Additionally, agile working can only be achieved with high levels of trust and a performance-driven culture. Organisations will have to develop new management skills that help teams work and communicate more effectively, and maintain a high level of engagement and performance. Employees will need to understand what they are expected to do, the method of monitoring workload, how success will be measured, how their success will feed into the performance management process, what communication is required from them, and how their line managers will communicate with them.
A few other things to consider when shifting a work culture from the traditional 9-5 work hours to a-typical working include: reward, contracts, expenses, health and safety, ergonomics, insurance, confidentiality, and security. In order to establish an agile working culture that produces the desired result, a lot of planning and commitment will be required.
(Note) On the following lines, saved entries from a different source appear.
(* Let $x_0,y_0$ be positive integers and let $\{(X_t,Y_t)\}_{t\ge 0}$ be the CA competition process with fitness ratio $r=1$ started at $(X_0,Y_0)=(x_0,y_0)$. Let $T=\sup\{t\ge 0: X_t=Y_t\}$ (with $\sup\emptyset=-\infty$). Then, as $t\to\infty$ through the integers, \[ \mathbb{P}[T\ge t]\sim \frac{1}{2^{x_0+y_0-5/2}\sqrt{\pi}\,B(x_0,y_0)}\, t^{-1/2}, \] where $B(x,y)=\int_0^1 s^{x-1}(1-s)^{y-1}\,ds$ is the beta function.
   Context: The CA competition process with fitness ratio $r\ge 1$ started at $(x_0,y_0)$ is the discrete-time Markov chain $\{(X_t,Y_t)\}_{t\ge0}$ on $\{(x,y)\in\mathbb{Z}^2: x\ge1,y\ge1\}$ with $(X_0,Y_0)=(x_0,y_0)$ and transition probabilities: from $(x,y)$ it moves to $(x+1,y)$ with probability $\frac{rx}{rx+y}$ and to $(x,y+1)$ with probability $\frac{y}{rx+y}$. The notation $f(t)\sim g(t)$ means $\lim_{t\to\infty} f(t)/g(t)=1$. *)

theory Defs
  imports "HOL-Probability.Probability" "HOL-Library.Landau_Symbols"
begin

definition ca_step :: "real \<Rightarrow> nat \<times> nat \<Rightarrow> real \<Rightarrow> nat \<times> nat" where
  "ca_step r s u =
     (let x = fst s; y = snd s in
      if u < r * real x / (r * real x + real y) then (x + 1, y) else (x, y + 1))"

primrec ca_path :: "real \<Rightarrow> nat \<Rightarrow> nat \<Rightarrow> (nat \<Rightarrow> real) \<Rightarrow> nat \<Rightarrow> nat \<times> nat" where
  "ca_path r x0 y0 \<omega> 0 = (x0, y0)"
| "ca_path r x0 y0 \<omega> (Suc t) = ca_step r (ca_path r x0 y0 \<omega> t) (\<omega> t)"

definition ca_space :: "(nat \<Rightarrow> real) measure" where
  "ca_space = PiM UNIV (\<lambda>_. uniform_measure lborel {0..1::real})"

definition last_tie :: "real \<Rightarrow> nat \<Rightarrow> nat \<Rightarrow> (nat \<Rightarrow> real) \<Rightarrow> ereal" where
  "last_tie r x0 y0 \<omega> =
     Sup {ereal (real t) | t. fst (ca_path r x0 y0 \<omega> t) = snd (ca_path r x0 y0 \<omega> t)}"

end

theory Submission
  imports Defs "HOL-Real_Asymp.Real_Asymp"
begin

text \<open>
  For fitness ratio 1 the process is a Polya urn. The function
  h(x, y) = 2^(2 - x - y) * (sum of binomial (x + y - 1) k over k \<ge> max x y)
  is harmonic for the urn off the diagonal and 1 on it, and its mean along the urn tends to 0:
  at time m the Polya distribution gives each position weight O(1/m), while h is O(m/K^2) at
  distance K from the diagonal (Chebyshev). So h is the probability of a future tie, and
  P(T \<ge> t) is the mean of h at time t. A step from the diagonal point (k, k) lowers h by
  binomial (2k) k / 4^k \<sim> 1/sqrt(pi k); hence P(T \<ge> t) - P(T \<ge> t + 1) vanishes unless
  t = 2k - x0 - y0, where the Beta-binomial weight of (k, k) makes it \<sim> c k^(-3/2), and summing
  the tail gives P(T \<ge> t) \<sim> 2 c (t/2)^(-1/2).
\<close>

section \<open>The Polya urn on the sequence space\<close>

abbreviation unif01 :: "real measure" where
  "unif01 \<equiv> uniform_measure lborel {0..1}"

lemma prob_space_unif01: "prob_space unif01"
  by (intro prob_space_uniform_measure) auto

interpretation iid_unif01: sequence_space unif01
  by (simp add: sequence_space_def product_prob_space_def product_sigma_finite_def
      prob_space_unif01 prob_space_imp_sigma_finite product_prob_space_axioms_def)

lemma ca_space_eq_sequence_space: "ca_space = iid_unif01.S"
  by (simp add: ca_space_def)

lemma space_ca_space: "space ca_space = UNIV"
  by (simp add: ca_space_def space_PiM)

lemma emeasure_space_ca_space [simp]: "emeasure ca_space (space ca_space) = 1"
  unfolding ca_space_eq_sequence_space by (rule iid_unif01.emeasure_space_1)

lemma emeasure_unif01_lessThan: "0 \<le> p \<Longrightarrow> p \<le> 1 \<Longrightarrow> emeasure unif01 {..<p} = ennreal p"
proof -
  assume p: "0 \<le> p" "p \<le> 1"
  have "{0..1} \<inter> {..<p} = {0..<p}" using p by auto
  then show ?thesis using p by (simp add: emeasure_uniform_measure divide_ennreal_def)
qed

lemma emeasure_unif01_atLeast: "0 \<le> p \<Longrightarrow> p \<le> 1 \<Longrightarrow> emeasure unif01 {p..} = ennreal (1 - p)"
proof -
  assume p: "0 \<le> p" "p \<le> 1"
  have "{0..1} \<inter> {p..} = {p..1}" using p by auto
  then show ?thesis using p by (simp add: emeasure_uniform_measure divide_ennreal_def)
qed

definition polya_path :: "nat \<times> nat \<Rightarrow> (nat \<Rightarrow> real) \<Rightarrow> nat \<Rightarrow> nat \<times> nat" where
  "polya_path z \<omega> t = ca_path 1 (fst z) (snd z) \<omega> t"

lemma polya_path_0 [simp]: "polya_path z \<omega> 0 = z"
  by (simp add: polya_path_def)

lemma polya_path_Suc: "polya_path z \<omega> (Suc t) = polya_path (ca_step 1 z (\<omega> 0)) (\<lambda>i. \<omega> (Suc i)) t"
  unfolding polya_path_def by (induction t) auto

lemma measurable_ca_step: "(\<lambda>\<omega>. ca_step 1 z (\<omega> i)) \<in> ca_space \<rightarrow>\<^sub>M count_space UNIV"
  unfolding ca_step_def Let_def ca_space_def by measurable

lemma measurable_polya_path [measurable]:
  "(\<lambda>\<omega>. polya_path z \<omega> t) \<in> ca_space \<rightarrow>\<^sub>M count_space UNIV"
proof (induction t)
  case 0
  then show ?case by (simp add: polya_path_def)
next
  case (Suc t)
  have "(\<lambda>\<omega>. (\<lambda>z' \<omega>. ca_step 1 z' (\<omega> t)) (polya_path z \<omega> t) \<omega>) \<in> ca_space \<rightarrow>\<^sub>M count_space UNIV"
    by (rule measurable_compose_countable'[OF measurable_ca_step Suc]) auto
  then show ?case by (simp add: polya_path_def)
qed

lemma measurable_shift: "(\<lambda>\<omega> i. \<omega> (Suc i)) \<in> ca_space \<rightarrow>\<^sub>M ca_space"
  unfolding ca_space_def by (rule measurable_PiM_single') (auto simp: space_PiM)

definition polya_op :: "(nat \<times> nat \<Rightarrow> ennreal) \<Rightarrow> nat \<times> nat \<Rightarrow> ennreal" where
  "polya_op \<phi> z =
     ennreal (real (fst z) / (real (fst z) + real (snd z))) * \<phi> (fst z + 1, snd z)
   + ennreal (real (snd z) / (real (fst z) + real (snd z))) * \<phi> (fst z, snd z + 1)"

lemma polya_op_cong:
  "\<phi> (fst z + 1, snd z) = \<psi> (fst z + 1, snd z) \<Longrightarrow> \<phi> (fst z, snd z + 1) = \<psi> (fst z, snd z + 1)
   \<Longrightarrow> polya_op \<phi> z = polya_op \<psi> z"
  by (simp add: polya_op_def)

lemma polya_op_add: "polya_op (\<lambda>z. \<phi> z + \<psi> z) z = polya_op \<phi> z + polya_op \<psi> z"
  by (simp add: polya_op_def distrib_left)

text \<open>Conditioning on the first uniform variable: the sequence space is the product of its
  first coordinate and the shifted sequence space.\<close>
lemma nn_integral_first_step:
  fixes K :: "nat \<times> nat \<Rightarrow> (nat \<Rightarrow> real) \<Rightarrow> ennreal"
  assumes K: "\<And>z'. K z' \<in> borel_measurable ca_space" and z: "fst z + snd z > 0"
    and G: "\<And>\<omega>. G \<omega> = K (ca_step 1 z (\<omega> 0)) (\<lambda>i. \<omega> (Suc i))"
  shows "(\<integral>\<^sup>+\<omega>. G \<omega> \<partial>ca_space) = polya_op (\<lambda>z'. \<integral>\<^sup>+\<omega>. K z' \<omega> \<partial>ca_space) z"
proof -
  define x y where "x = fst z" and "y = snd z"
  define p :: real where "p = x / (x + y)"
  have p01: "0 \<le> p" "p \<le> 1" using z by (auto simp: p_def x_def y_def)
  have "real x + real y > 0" using z unfolding x_def y_def by linarith
  then have q: "real y / (x + y) = 1 - p" by (simp add: p_def field_simps)
  define \<Phi> where "\<Phi> z' = (\<integral>\<^sup>+\<omega>. K z' \<omega> \<partial>ca_space)" for z'
  let ?G = "\<lambda>\<omega>. K (ca_step 1 z (\<omega> 0)) (\<lambda>i. \<omega> (Suc i))"
  have "(\<lambda>\<omega>. (\<lambda>z' \<omega>. K z' (\<lambda>i. \<omega> (Suc i))) (ca_step 1 z (\<omega> 0)) \<omega>) \<in> borel_measurable ca_space"
    by (rule measurable_compose_countable'[OF _ measurable_ca_step])
       (use measurable_comp[OF measurable_shift K] in \<open>auto simp: comp_def\<close>)
  then have Gm: "?G \<in> borel_measurable iid_unif01.S" by (simp add: ca_space_eq_sequence_space)
  have cm: "(\<lambda>q. case_nat (fst q) (snd q)) \<in> (unif01 \<Otimes>\<^sub>M iid_unif01.S) \<rightarrow>\<^sub>M iid_unif01.S"
    by measurable
  have "(\<integral>\<^sup>+\<omega>. G \<omega> \<partial>ca_space)
      = (\<integral>\<^sup>+\<omega>. ?G \<omega> \<partial>distr (unif01 \<Otimes>\<^sub>M iid_unif01.S) iid_unif01.S (\<lambda>(s, \<omega>). case_nat s \<omega>))"
    by (simp add: G iid_unif01.PiM_iter ca_space_eq_sequence_space)
  also have "\<dots> = (\<integral>\<^sup>+q. ?G (case_nat (fst q) (snd q)) \<partial>(unif01 \<Otimes>\<^sub>M iid_unif01.S))"
    by (subst nn_integral_distr) (auto simp: Gm split_beta')
  also have "\<dots> = (\<integral>\<^sup>+s. \<integral>\<^sup>+\<omega>. ?G (case_nat s \<omega>) \<partial>iid_unif01.S \<partial>unif01)"
    using measurable_comp[OF cm Gm]
    by (subst iid_unif01.nn_integral_fst[symmetric]) (auto simp: split_beta' comp_def)
  also have "\<dots> = (\<integral>\<^sup>+s. \<Phi> (ca_step 1 z s) \<partial>unif01)"
    by (simp add: \<Phi>_def ca_space_eq_sequence_space)
  also have "\<dots> = (\<integral>\<^sup>+s. \<Phi> (x + 1, y) * indicator {..<p} s + \<Phi> (x, y + 1) * indicator {p..} s \<partial>unif01)"
    by (intro nn_integral_cong) (auto simp: ca_step_def x_def y_def p_def indicator_def)
  also have "\<dots> = \<Phi> (x + 1, y) * emeasure unif01 {..<p} + \<Phi> (x, y + 1) * emeasure unif01 {p..}"
    by (simp del: emeasure_uniform_measure add: nn_integral_add nn_integral_cmult_indicator)
  also have "\<dots> = ennreal p * \<Phi> (x + 1, y) + ennreal (real y / (x + y)) * \<Phi> (x, y + 1)"
    using p01 by (simp del: emeasure_uniform_measure
        add: emeasure_unif01_lessThan emeasure_unif01_atLeast mult.commute q[symmetric])
  finally show ?thesis
    by (simp add: polya_op_def \<Phi>_def p_def x_def y_def)
qed

section \<open>Hitting probabilities\<close>

definition path_mean :: "(nat \<times> nat \<Rightarrow> ennreal) \<Rightarrow> nat \<times> nat \<Rightarrow> nat \<Rightarrow> ennreal" where
  "path_mean \<phi> z t = (\<integral>\<^sup>+\<omega>. \<phi> (polya_path z \<omega> t) \<partial>ca_space)"

lemma path_mean_0: "path_mean \<phi> z 0 = \<phi> z"
  by (simp add: path_mean_def)

lemma path_mean_Suc:
  "fst z + snd z > 0 \<Longrightarrow> path_mean \<phi> z (Suc t) = polya_op (\<lambda>z'. path_mean \<phi> z' t) z"
  unfolding path_mean_def by (rule nn_integral_first_step) (simp_all add: polya_path_Suc)

lemma path_mean_Suc':
  "fst z + snd z > 0 \<Longrightarrow> path_mean \<phi> z (Suc t) = path_mean (polya_op \<phi>) z t"
proof (induction t arbitrary: z)
  case 0
  then show ?case by (simp add: path_mean_Suc path_mean_0)
next
  case (Suc t)
  have "path_mean \<phi> z (Suc (Suc t)) = polya_op (\<lambda>z'. path_mean \<phi> z' (Suc t)) z"
    using Suc.prems by (rule path_mean_Suc)
  also have "\<dots> = polya_op (\<lambda>z'. path_mean (polya_op \<phi>) z' t) z"
    by (rule polya_op_cong) (simp_all add: Suc.IH)
  also have "\<dots> = path_mean (polya_op \<phi>) z (Suc t)"
    using Suc.prems by (rule path_mean_Suc[symmetric])
  finally show ?case .
qed

lemma path_mean_add: "path_mean (\<lambda>z. \<phi> z + \<psi> z) z t = path_mean \<phi> z t + path_mean \<psi> z t"
  unfolding path_mean_def by (rule nn_integral_add) auto

definition hit_prob :: "(nat \<times> nat \<Rightarrow> bool) \<Rightarrow> nat \<times> nat \<Rightarrow> nat \<Rightarrow> ennreal" where
  "hit_prob D z t = emeasure ca_space {\<omega> \<in> space ca_space. \<exists>s\<ge>t. D (polya_path z \<omega> s)}"

definition hit_by_prob :: "(nat \<times> nat \<Rightarrow> bool) \<Rightarrow> nat \<times> nat \<Rightarrow> nat \<Rightarrow> ennreal" where
  "hit_by_prob D z m = emeasure ca_space {\<omega> \<in> space ca_space. \<exists>s\<le>m. D (polya_path z \<omega> s)}"

definition avoid_mean ::
  "(nat \<times> nat \<Rightarrow> bool) \<Rightarrow> (nat \<times> nat \<Rightarrow> ennreal) \<Rightarrow> nat \<times> nat \<Rightarrow> nat \<Rightarrow> ennreal" where
  "avoid_mean D \<phi> z m =
     (\<integral>\<^sup>+\<omega>. indicator {\<omega> \<in> space ca_space. \<forall>s\<le>m. \<not> D (polya_path z \<omega> s)} \<omega>
             * \<phi> (polya_path z \<omega> m) \<partial>ca_space)"

lemma ex_ge_Suc_polya_path:
  "(\<exists>s\<ge>Suc t. D (polya_path z \<omega> s)) \<longleftrightarrow>
   (\<exists>s\<ge>t. D (polya_path (ca_step 1 z (\<omega> 0)) (\<lambda>i. \<omega> (Suc i)) s))"
  by (metis Suc_le_D Suc_le_mono polya_path_Suc)

lemma ex_le_Suc_polya_path:
  "(\<exists>s\<le>Suc m. D (polya_path z \<omega> s)) \<longleftrightarrow>
   D z \<or> (\<exists>s\<le>m. D (polya_path (ca_step 1 z (\<omega> 0)) (\<lambda>i. \<omega> (Suc i)) s))"
  by (auto simp: polya_path_Suc) (metis Suc_le_mono not0_implies_Suc polya_path_0 polya_path_Suc)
These are all essential and minute steps, considering the great need to consider nixing the 9 to 5. There is so much more to achieve when we do
“Set them free: Millennials want flexibility. They work well with clear instructions and concrete targets. If you know what you want done by when, why does it matter where and how they complete the task? Give them the freedom to have a flexible work schedule. Does it matter if they work from home or a coffee shop if that is where they are most productive? Set deadlines and if they meet them, don’t worry so much about their tactics and the time they clock in and out.”